A hole is something that is not there, it can’t be seen in itself - it is constituted to our senses by the materials which circumscribe it. This kind of circumscribed inexperience that makes a hole might lend itself to a sentiment of the sublime - a relation of awe towards the unknowable as experienced through limits. It may evoke a sense of investigation or adventure. In an old Buddhist tradition monks used to go into a hole in the ground and stay there until they die in order to become a self-mummified living Buddha, there might be a sense of being close to the death and the sublime in the act of being in the hole.
Duncan makes graphic signs as stand-ins, signifying things that do not exist; emblems of the not-yet imagined; markers for as-yet unclear potentialities. He makes these signs, in a variety of mediums.
B. 1971, lives and works in London, graduated from Goldsmiths BA Fine Art in 1994 and MA Fine Art from The Royal Academy Schools, London, in 2007. Regularly shows internationally, and is represented by Theodore:Art, NY.
Ebata works in various mediums including photography, video, and performance. She works on diverse projects, each employing a concrete poetics to investigate or circumscribe subjects which are felt as absent, abstract, or invisible.
Ebata was born, lives and works in Tokyo. She graduated from Goldsmiths', London. Her works are shown internationally including Aichi Triennale 2010 Curatorial Exhibition Competition and The First Mediterranean Biennial of Contemporary Art, Haifa.
B. 1981, Canterbury, UK. Lives and works in Japan. Recent exhibitions include: INTERNET CULTURE (Massage) - Beams, Shibuya, Tokyo (Japan), From Here On - Arts Santa Monica Museum (Barcelona, Spain/Ray 2012), Making History, Frankfurter Kunstverein Museum, Frankfurt (Germany), Luscious Liquid of Equilibrium - Campbell Works Gallery, London (UK).
Shimizu is interested in audience involvement in art and also in the functionality and aesthetics of the decorative arts. Costumes and props have always been her fascination, as a way of exploring characters and gestures.

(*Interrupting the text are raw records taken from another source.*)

(* Let $\tau=\{1-t^2+2it:\ t\in\mathbb{R}\}$ (a parabola). Then: (1) $A\mapsto\zeta_+(A)$ is a conformal mapping of $\mathbb{C}_+=\{\Im A>0\}$ onto the domain in $\mathbb{C}_+$ bounded by the ray $[1,+\infty)$ and by $\tau\cap\mathbb{C}_+$; under this mapping the boundary part $[-1,+\infty)$ corresponds to $[1,+\infty)$ and $(-\infty,-1)$ corresponds to $\tau\cap\mathbb{C}_+$. (2) $A\mapsto\zeta_-(A)$ is a conformal mapping of $\mathbb{C}_+$ onto the domain in $\mathbb{C}$ bounded by the ray $[0,+\infty)$ and by $\tau\cap\mathbb{C}_-$ (where $\mathbb{C}_-=\{\Im z<0\}$); under this mapping the boundary part $(0,+\infty)$ corresponds to itself, the interval $[-1,0]$ corresponds to $[0,1]$, and $(-\infty,0)$ corresponds to $\tau\cap\mathbb{C}_-$. Moreover, the pre-image of the negative real axis $(-\infty,0)$ under $\zeta_-$ is the parabola in the upper $A$-half-plane given parametrically by $\{-t^2+2it:\ t\ge0\}$.
   Context: For $A$ with $\Im A\ge 0$, $\zeta_\pm(A)=A+2\pm2\sqrt{A+1}=(1\pm\sqrt{A+1})^2$, where $\sqrt{\cdot}$ is the principal branch of the square root. Boundary correspondences are understood in the sense of the continuous extension of the maps to the boundary. *)

theory Defs
  imports "HOL-Complex_Analysis.Complex_Analysis"
begin

definition zeta_plus :: "complex \<Rightarrow> complex" where
  "zeta_plus A = A + 2 + 2 * csqrt (A + 1)"

definition zeta_minus :: "complex \<Rightarrow> complex" where
  "zeta_minus A = A + 2 - 2 * csqrt (A + 1)"

definition upper_hp :: "complex set" where
  "upper_hp = {z. Im z > 0}"

definition lower_hp :: "complex set" where
  "lower_hp = {z. Im z < 0}"

definition closed_upper_hp :: "complex set" where
  "closed_upper_hp = {z. Im z \<ge> 0}"

definition tau :: "complex set" where
  "tau = range (\<lambda>t::real. 1 - (complex_of_real t)^2 + 2 * \<i> * complex_of_real t)"

text \<open>The domain in C_+ bounded by the ray [1,+inf) and tau \<inter> C_+.\<close>
definition dom_plus :: "complex set" where
  "dom_plus = {z. Im z > 0 \<and> Re z > 1 - (Im z)^2 / 4}"

text \<open>The domain in C bounded by the ray [0,+inf) and tau \<inter> C_-:
  the complement of the ray together with the closed region enclosed by
  the lower half of the parabola.\<close>
definition dom_minus :: "complex set" where
  "dom_minus = - (complex_of_real ` {0..} \<union> {z. Im z \<le> 0 \<and> Re z \<ge> 1 - (Im z)^2 / 4})"

end

theory Submission
  imports Defs
begin

text \<open>Put w = csqrt (A + 1). As A ranges over the upper half-plane, w ranges bijectively over
  the open first quadrant, and zeta_plus A = (1 + w)^2, zeta_minus A = (1 - w)^2. Hence zeta_plus
  is squaring on the quarter-plane Re u > 1, Im u > 0 and zeta_minus is squaring on
  Re v < 1, Im v < 0; squaring is injective on both since neither contains a pair u, -u.
  The identity Re (u^2) - (1 - Im (u^2)^2 / 4) = ((Re u)^2 - 1) (1 + (Im u)^2) shows that squaring
  sends the line Re u = 1 onto the parabola tau and decides on which side of tau the square lies.
  On the real axis w is real for A \<ge> -1 and purely imaginary for A < -1, which splits the boundary.\<close>

lemma of_real_image_eq: "complex_of_real ` S = {z. Im z = 0 \<and> Re z \<in> S}"
  by (auto simp: image_iff complex_eq_iff intro!: exI[of _ "Re z" for z])

lemma Re_power2_minus_parabola:
  "Re (u^2) - (1 - (Im (u^2))^2 / 4) = ((Re u)^2 - 1) * (1 + (Im u)^2)"
  by (simp add: Re_power2 Im_power2 algebra_simps power2_eq_square)

lemma mem_tau_iff: "z \<in> tau \<longleftrightarrow> Re z = 1 - (Im z)^2 / 4"
proof
  assume "z \<in> tau"
  then show "Re z = 1 - (Im z)^2 / 4"
    by (auto simp: tau_def power2_eq_square)
next
  assume "Re z = 1 - (Im z)^2 / 4"
  then have "z = 1 - (complex_of_real (Im z / 2))^2 + 2 * \<i> * complex_of_real (Im z / 2)"
    by (simp add: complex_eq_iff power2_eq_square)
  then show "z \<in> tau"
    unfolding tau_def by blast
qed

lemma tau_Int_upper_hp: "tau \<inter> upper_hp = (\<lambda>t. (1 + \<i> * complex_of_real t)^2) ` {0<..}"
proof safe
  fix z assume "z \<in> tau" "z \<in> upper_hp"
  then have "z = (1 + \<i> * complex_of_real (Im z / 2))^2" "Im z / 2 > 0"
    by (auto simp: mem_tau_iff upper_hp_def complex_eq_iff power2_eq_square)
  then show "z \<in> (\<lambda>t. (1 + \<i> * complex_of_real t)^2) ` {0<..}"
    by blast
qed (auto simp: mem_tau_iff upper_hp_def power2_eq_square)
lemma copy_start_bounds:
  assumes "copy_start s r n"
  shows "region_start s r \<le> n" "n + stage_period s \<le> 2 * region_start s r" "stage_supp s \<le> n"
proof -
  show "region_start s r \<le> n" "n + stage_period s \<le> 2 * region_start s r"
    using assms by (auto simp: copy_start_def)
  then show "stage_supp s \<le> n" using region_start_ge[of s r] stage_period(1)[of s] by linarith
qed

lemma bws_weight_near_copy_le:
  assumes "copy_start s r n" "region_serves s r \<mu>" "r' = r \<or> r' = Suc r" "k < n"
  shows "bws_weight \<mu> k n \<le> (1 + stage_eps s) * bws_weight (sweep_mu s (stage_start s) r') k n"
proof -
  define \<mu>' where "\<mu>' = sweep_mu s (stage_start s) r'"
  have "\<mu>' \<ge> 0" by (simp add: \<mu>'_def sweep_mu_nonneg)
  have "\<mu> \<ge> 0" using assms(2) sweep_mu_nonneg[of s "stage_start s" r] by (simp add: region_serves_def)
  have "bws_weight \<mu> k n \<le> (1 + stage_eps s) * bws_weight \<mu>' k n"
  proof (cases "\<mu> \<le> \<mu>'")
    case True
    then have "bws_weight \<mu> k n \<le> bws_weight \<mu>' k n" by (rule bws_weight_mono[OF \<open>\<mu> \<ge> 0\<close>])
    also have "bws_weight \<mu>' k n \<le> (1 + stage_eps s) * bws_weight \<mu>' k n"
      using bws_weight_pos[OF \<open>\<mu>' \<ge> 0\<close>, of k n] stage_eps_pos[of s] by (simp add: mult_le_cancel_right1)
    finally show ?thesis .
  next
    case False
    then have "r' = r" using assms(2,3) by (auto simp: \<mu>'_def region_serves_def)
    show ?thesis
    proof (rule bws_weight_perturb_le[OF \<open>\<mu>' \<ge> 0\<close>])
      show "\<mu>' \<le> \<mu>" "\<mu> \<le> \<mu>' + stage_eps s / 3 / real (stage_start s + r + 2)"
        using False assms(2) \<open>r' = r\<close>
        by (simp_all add: \<mu>'_def region_serves_def sweep_mu_Suc add.commute add.left_commute)
      have "k + n < 4 * region_start s r" using assms(4) copy_start_bounds(2)[OF assms(1)] by linarith
      then show "k + n \<le> 2 ^ (stage_start s + r + 2)" by (simp add: region_start_def power_add)
      show "1 \<le> k + n" using copy_start_bounds(3)[OF assms(1)] stage_supp_pos[of s] by linarith
    qed (use stage_eps_pos stage_eps_le_1 in auto)
  qed
  then show ?thesis by (simp add: \<mu>'_def)
qed

lemma orbit_coord_near:
  assumes z: "\<And>m. z m = c (class_of m) * seed m" and "copy_start s r n" "region_serves s r \<mu>"
    and "k < stage_supp s"
  shows "norm ((bws \<mu> ^^ n) z k - c (stage_class s) * stage_pattern s k)
    \<le> norm (c (stage_class s)) * stage_bound s * stage_eps s"
proof -
  define \<mu>0 where "\<mu>0 = sweep_mu s (stage_start s) r"
  define C where "C = c (stage_class s)"
  obtain i where r: "r < stage_regions s" and n: "n = region_start s r + i * stage_period s"
    and "n + stage_period s \<le> 2 * region_start s r"
    using assms(2) by (auto simp: copy_start_def)
  then have copy: "seed (n + k) = stage_pattern s k / of_real (bws_weight \<mu>0 k n)"
    "class_of (n + k) = stage_class s"
    using seed_copy[OF r n _ assms(4)] by (auto simp: \<mu>0_def)
  have "\<mu>0 \<ge> 0" by (simp add: \<mu>0_def sweep_mu_nonneg)
  have W_pos: "bws_weight \<mu>0 k n > 0" using bws_weight_pos[OF \<open>\<mu>0 \<ge> 0\<close>] .
  have W_ge: "bws_weight \<mu>0 k n \<le> bws_weight \<mu> k n"
    using bws_weight_mono[OF \<open>\<mu>0 \<ge> 0\<close>] assms(3) by (simp add: \<mu>0_def region_serves_def)
  have W_le: "bws_weight \<mu> k n \<le> (1 + stage_eps s) * bws_weight \<mu>0 k n"
    using bws_weight_near_copy_le[OF assms(2,3), of r k] assms(4) copy_start_bounds(3)[OF assms(2)]
    by (simp add: \<mu>0_def)
  have "z (k + n) = C * (stage_pattern s k / of_real (bws_weight \<mu>0 k n))"
    using z[of "n + k"] copy by (simp add: C_def add.commute)
  then have "(bws \<mu> ^^ n) z k - C * stage_pattern s k
      = C * stage_pattern s k * of_real (bws_weight \<mu> k n / bws_weight \<mu>0 k n - 1)"
    using W_pos by (simp add: bws_iterate field_simps)
  then have "norm ((bws \<mu> ^^ n) z k - C * stage_pattern s k)
      = norm C * norm (stage_pattern s k) * \<bar>bws_weight \<mu> k n / bws_weight \<mu>0 k n - 1\<bar>"
    by (simp only: norm_mult norm_of_real)
  also have "\<dots> \<le> norm C * stage_bound s * stage_eps s"
  proof (intro mult_mono)
    show "\<bar>bws_weight \<mu> k n / bws_weight \<mu>0 k n - 1\<bar> \<le> stage_eps s"
      using W_ge W_le W_pos by (auto simp: field_simps abs_le_iff)
  qed (use norm_stage_pattern_le stage_bound_ge_1[of s] in \<open>auto intro: mult_left_mono\<close>)
  finally show ?thesis by (simp add: C_def)
qed
lemma sum_lessThan_mult_div:
  fixes f :: "nat \<Rightarrow> 'a::comm_semiring_1"
  assumes "C > 0"
  shows "(\<Sum>j<M*C. f (j div C)) = of_nat C * (\<Sum>g<M. f g)"
proof -
  have "(\<Sum>j<M*C. f (j div C)) = (\<Sum>g<M. \<Sum>j\<in>{g*C..<g*C+C}. f (j div C))"
    by (rule sum.nat_group[symmetric])
  also have "\<dots> = (\<Sum>g<M. \<Sum>j\<in>{g*C..<g*C+C}. f g)"
  proof (intro sum.cong refl)
    fix g j assume "j \<in> {g*C..<g*C+C}"
    then have "j div C = g" using assms
      by (metis atLeastLessThan_iff div_nat_eqI mult.commute add.commute mult_Suc_right)
    then show "f (j div C) = f g" by simp
  qed
  also have "\<dots> = of_nat C * (\<Sum>g<M. f g)" by (simp add: sum_distrib_left)
  finally show ?thesis .
qed

lemma pitem_eq:
  "pitem \<beta> M C j = real (j div C + 1) powr (-\<beta>) / ((\<Sum>k<M. real (k+1) powr (-\<beta>)) * real C)"
  unfolding pitem_def ptil_def by simp

lemma pitem_nonneg: "pitem \<beta> M C j \<ge> 0"
  unfolding pitem_eq by (simp add: sum_nonneg)

lemma sum_pitem:
  assumes "M > 0" "C > 0"
  shows "(\<Sum>j<M*C. pitem \<beta> M C j) = 1"
proof -
  have "(\<Sum>k<M. real (k+1) powr (-\<beta>)) > 0" using assms by (intro sum_pos) auto
  then have "(\<Sum>g<M. ptil \<beta> M g) = 1"
    unfolding ptil_def by (simp add: sum_divide_distrib[symmetric])
  moreover have "(\<Sum>j<M*C. pitem \<beta> M C j) = real C * (\<Sum>g<M. ptil \<beta> M g / real C)"
    unfolding pitem_def by (rule sum_lessThan_mult_div[OF \<open>C > 0\<close>])
  ultimately show ?thesis
    using \<open>C > 0\<close> by (simp add: sum_divide_distrib[symmetric])
qed

lemma pitem_tail_le:
  assumes "\<beta> \<ge> 0" "M > 0" "M div 2 \<le> j div C"
  shows "pitem \<beta> M C j \<le> pitem \<beta> M C 0 * (real M / 2) powr (-\<beta>)"
proof -
  have "real (j div C + 1) powr (-\<beta>) \<le> (real M / 2) powr (-\<beta>)"
    using assms by (intro powr_mono2') auto
  then show ?thesis
    unfolding pitem_eq by (simp add: divide_right_mono sum_nonneg)
qed

text \<open>The groups beyond \<open>M / 2\<close> each have probability at least \<open>M powr (-\<beta>) / zeta_sum \<beta>\<close>.\<close>

lemma pitem_tail_mass:
  assumes \<beta>: "\<beta> > 1" and "M > 0" "C > 0"
  shows "real M powr (1 - \<beta>) / (2 * zeta_sum \<beta>)
      \<le> (\<Sum>j\<in>{j. j < M*C \<and> M div 2 \<le> j div C}. pitem \<beta> M C j)"
proof -
  define S where "S = (\<Sum>k<M. real (k+1) powr (-\<beta>))"
  have "real (0+1) powr (-\<beta>) \<le> S"
    unfolding S_def using \<open>M > 0\<close> by (intro member_le_sum) auto
  then have S: "1 \<le> S" "S \<le> zeta_sum \<beta>"
    using sum_powr_le_zeta_sum[OF \<beta>] by (auto simp: S_def)
  have pitem_S: "pitem \<beta> M C j = real (j div C + 1) powr (-\<beta>) / S / real C" for j
    unfolding pitem_eq S_def by simp
  have "real M / 2 * (real M powr (-\<beta>) / zeta_sum \<beta>)
      \<le> real (card {M div 2..<M}) * (real M powr (-\<beta>) / zeta_sum \<beta>)"
    using S by (intro mult_right_mono) auto
  also have "\<dots> = (\<Sum>g\<in>{M div 2..<M}. real M powr (-\<beta>) / zeta_sum \<beta>)" by simp
  also have "\<dots> \<le> (\<Sum>g\<in>{M div 2..<M}. real (g+1) powr (-\<beta>) / S)"
    using S \<beta> by (intro sum_mono frac_le powr_mono2') auto
  also have "\<dots> = (\<Sum>g<M. if M div 2 \<le> g then real (g+1) powr (-\<beta>) / S else 0)"
    by (simp add: sum.If_cases Int_def atLeastLessThan_def conj_commute)
  also have "\<dots> = real C * (\<Sum>g<M. if M div 2 \<le> g then real (g+1) powr (-\<beta>) / S / real C else 0)"
    using \<open>C > 0\<close> by (simp add: sum_distrib_left if_distrib[where f = "\<lambda>x. real C * x"] cong: if_cong)
  also have "\<dots> = (\<Sum>j<M*C. if M div 2 \<le> j div C then pitem \<beta> M C j else 0)"
    unfolding pitem_S by (rule sum_lessThan_mult_div[OF \<open>C > 0\<close>, symmetric])
  also have "\<dots> = (\<Sum>j\<in>{j. j < M*C \<and> M div 2 \<le> j div C}. pitem \<beta> M C j)"
    by (simp add: sum.If_cases Int_def lessThan_def conj_commute)
  finally show ?thesis
    using \<open>M > 0\<close> by (simp add: powr_diff powr_minus_divide field_simps)
qed

lemma power_law_gd_excess_loss_ge:
  assumes \<beta>: "\<beta> > 1" and \<alpha>: "0 < \<alpha>" "\<alpha> < 1" and M: "M \<ge> 2" and C: "C > 0"
    and E: "orthonormal_cols (M*C) E" and Et: "orthonormal_cols (M*C) Et"
    and \<eta>: "\<eta> > 0" "\<eta> * pitem \<beta> M C 0 \<le> c\<^sub>\<eta>" and T: "real T \<le> b * real M powr \<beta>"
    and ln_K: "2 * (1 / (1 - \<alpha>) + ln 2 - ln (1 - \<alpha>) + 2 * c\<^sub>\<eta> * b * 2 powr \<beta>) \<le> ln (real (M*C))"
  shows "(1 - \<alpha>) / (4 * zeta_sum \<beta>) * ln (real (M*C)) * real M powr (1 - \<beta>)
      \<le> loss \<beta> M C \<alpha> E Et (gd (loss \<beta> M C \<alpha> E Et) \<eta> (\<lambda>_ _. 0) T) - Lstar \<alpha> (M*C)"
proof -
  define S where "S = {j. j < M*C \<and> M div 2 \<le> j div C}"
  have "M * 1 \<le> M * C" using C by (intro mult_le_mono2) simp
  then have K: "M * C \<ge> 2" using M by linarith
  have slow: "2 * \<eta> * pitem \<beta> M C j * real T \<le> 2 * c\<^sub>\<eta> * b * 2 powr \<beta>" if "j \<in> S" for j
  proof -
    have "pitem \<beta> M C j \<le> pitem \<beta> M C 0 * (real M / 2) powr (-\<beta>)"
      using that \<beta> M by (intro pitem_tail_le) (auto simp: S_def)
    then have "\<eta> * pitem \<beta> M C j * real T \<le> \<eta> * (pitem \<beta> M C 0 * (real M / 2) powr (-\<beta>)) * real T"
      using \<eta>(1) by (intro mult_right_mono mult_left_mono) auto
    also have "\<dots> \<le> c\<^sub>\<eta> * (real M / 2) powr (-\<beta>) * (b * real M powr \<beta>)"
    proof (rule mult_mono)
      have "0 \<le> c\<^sub>\<eta>" using \<eta> pitem_nonneg[of \<beta> M C 0] by (smt (verit) zero_le_mult_iff)
      then show "0 \<le> c\<^sub>\<eta> * (real M / 2) powr (-\<beta>)" by simp
      show "\<eta> * (pitem \<beta> M C 0 * (real M / 2) powr (-\<beta>)) \<le> c\<^sub>\<eta> * (real M / 2) powr (-\<beta>)"
        unfolding mult.assoc[symmetric] using \<eta>(2) by (rule mult_right_mono) simp
    qed (use T in auto)
    also have "\<dots> = c\<^sub>\<eta> * b * 2 powr \<beta>"
      using M by (simp add: powr_divide powr_minus field_simps)
    finally show ?thesis by simp
  qed
  have "0 \<le> ln (real (M*C))" using K by (intro ln_ge_zero) linarith
  then have "(1 - \<alpha>) / (4 * zeta_sum \<beta>) * ln (real (M*C)) * real M powr (1 - \<beta>)
      = (1 - \<alpha>) / 2 * ln (real (M*C)) * (real M powr (1 - \<beta>) / (2 * zeta_sum \<beta>))"
    by simp
  also have "\<dots> \<le> (1 - \<alpha>) / 2 * ln (real (M*C)) * (\<Sum>j\<in>S. pitem \<beta> M C j)"
    unfolding S_def using \<alpha> \<beta> M C \<open>0 \<le> ln (real (M*C))\<close>
    by (intro mult_left_mono pitem_tail_mass) auto
  also have "\<dots> \<le> loss \<beta> M C \<alpha> E Et (gd (loss \<beta> M C \<alpha> E Et) \<eta> (\<lambda>_ _. 0) T) - Lstar \<alpha> (M*C)"
    unfolding loss_eq_cross_entropy
    by (rule gd_excess_loss_ge[OF K E Et \<alpha> less_imp_le[OF \<eta>(1)] pitem_nonneg sum_pitem _ slow ln_K])
       (use M C in \<open>auto simp: S_def\<close>)
  finally show ?thesis .
qed

lemma powr_ratio_le_of_mult_powr_le:
  fixes a x t \<beta> :: real
  assumes "\<beta> \<ge> 1" "a > 0" "x > 0" "a * x powr \<beta> \<le> t"
  shows "a powr (1 - 1/\<beta>) / t powr (1 - 1/\<beta>) \<le> x powr (1 - \<beta>)"
proof -
  have "a powr (1 - 1/\<beta>) * x powr (\<beta> - 1) = (a * x powr \<beta>) powr (1 - 1/\<beta>)"
    using assms by (simp add: powr_mult powr_powr algebra_simps)
  also have "\<dots> \<le> t powr (1 - 1/\<beta>)"
    using assms by (intro powr_mono2) auto
  finally show ?thesis
    using assms by (simp add: divide_le_eq powr_diff powr_minus_divide field_simps)
qed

She also works collaboratively as the artist group Danger Museum.
Born 1976, Tokyo, Japan. Currently based in Tokyo, Shimizu graduated from Goldsmiths College (BA) and Oslo National Academy of the Arts (MA), exchange study at Piet Zwart Institute. Works by Shimizu has been exhibited at inIVA (London), Sparwasser HQ (Berlin), Art Space Hue (Seoul), Art in General (New York), Galeria Arsenał (Białystok), Arnolfini Gallery (Bristol), and Preus Museum, Oslo Kunstforening, Stenersen Museum and UKS (Norway).http://www.dangermuseum.com/
Alasdair Duncan has for some years been making graphic signs which act as stand ins for what does not exist, emblems of the not-yet imagined, under the rubric of Signs for the Future. He describes these signs as not yet for now, not yet for here, and not yet for you.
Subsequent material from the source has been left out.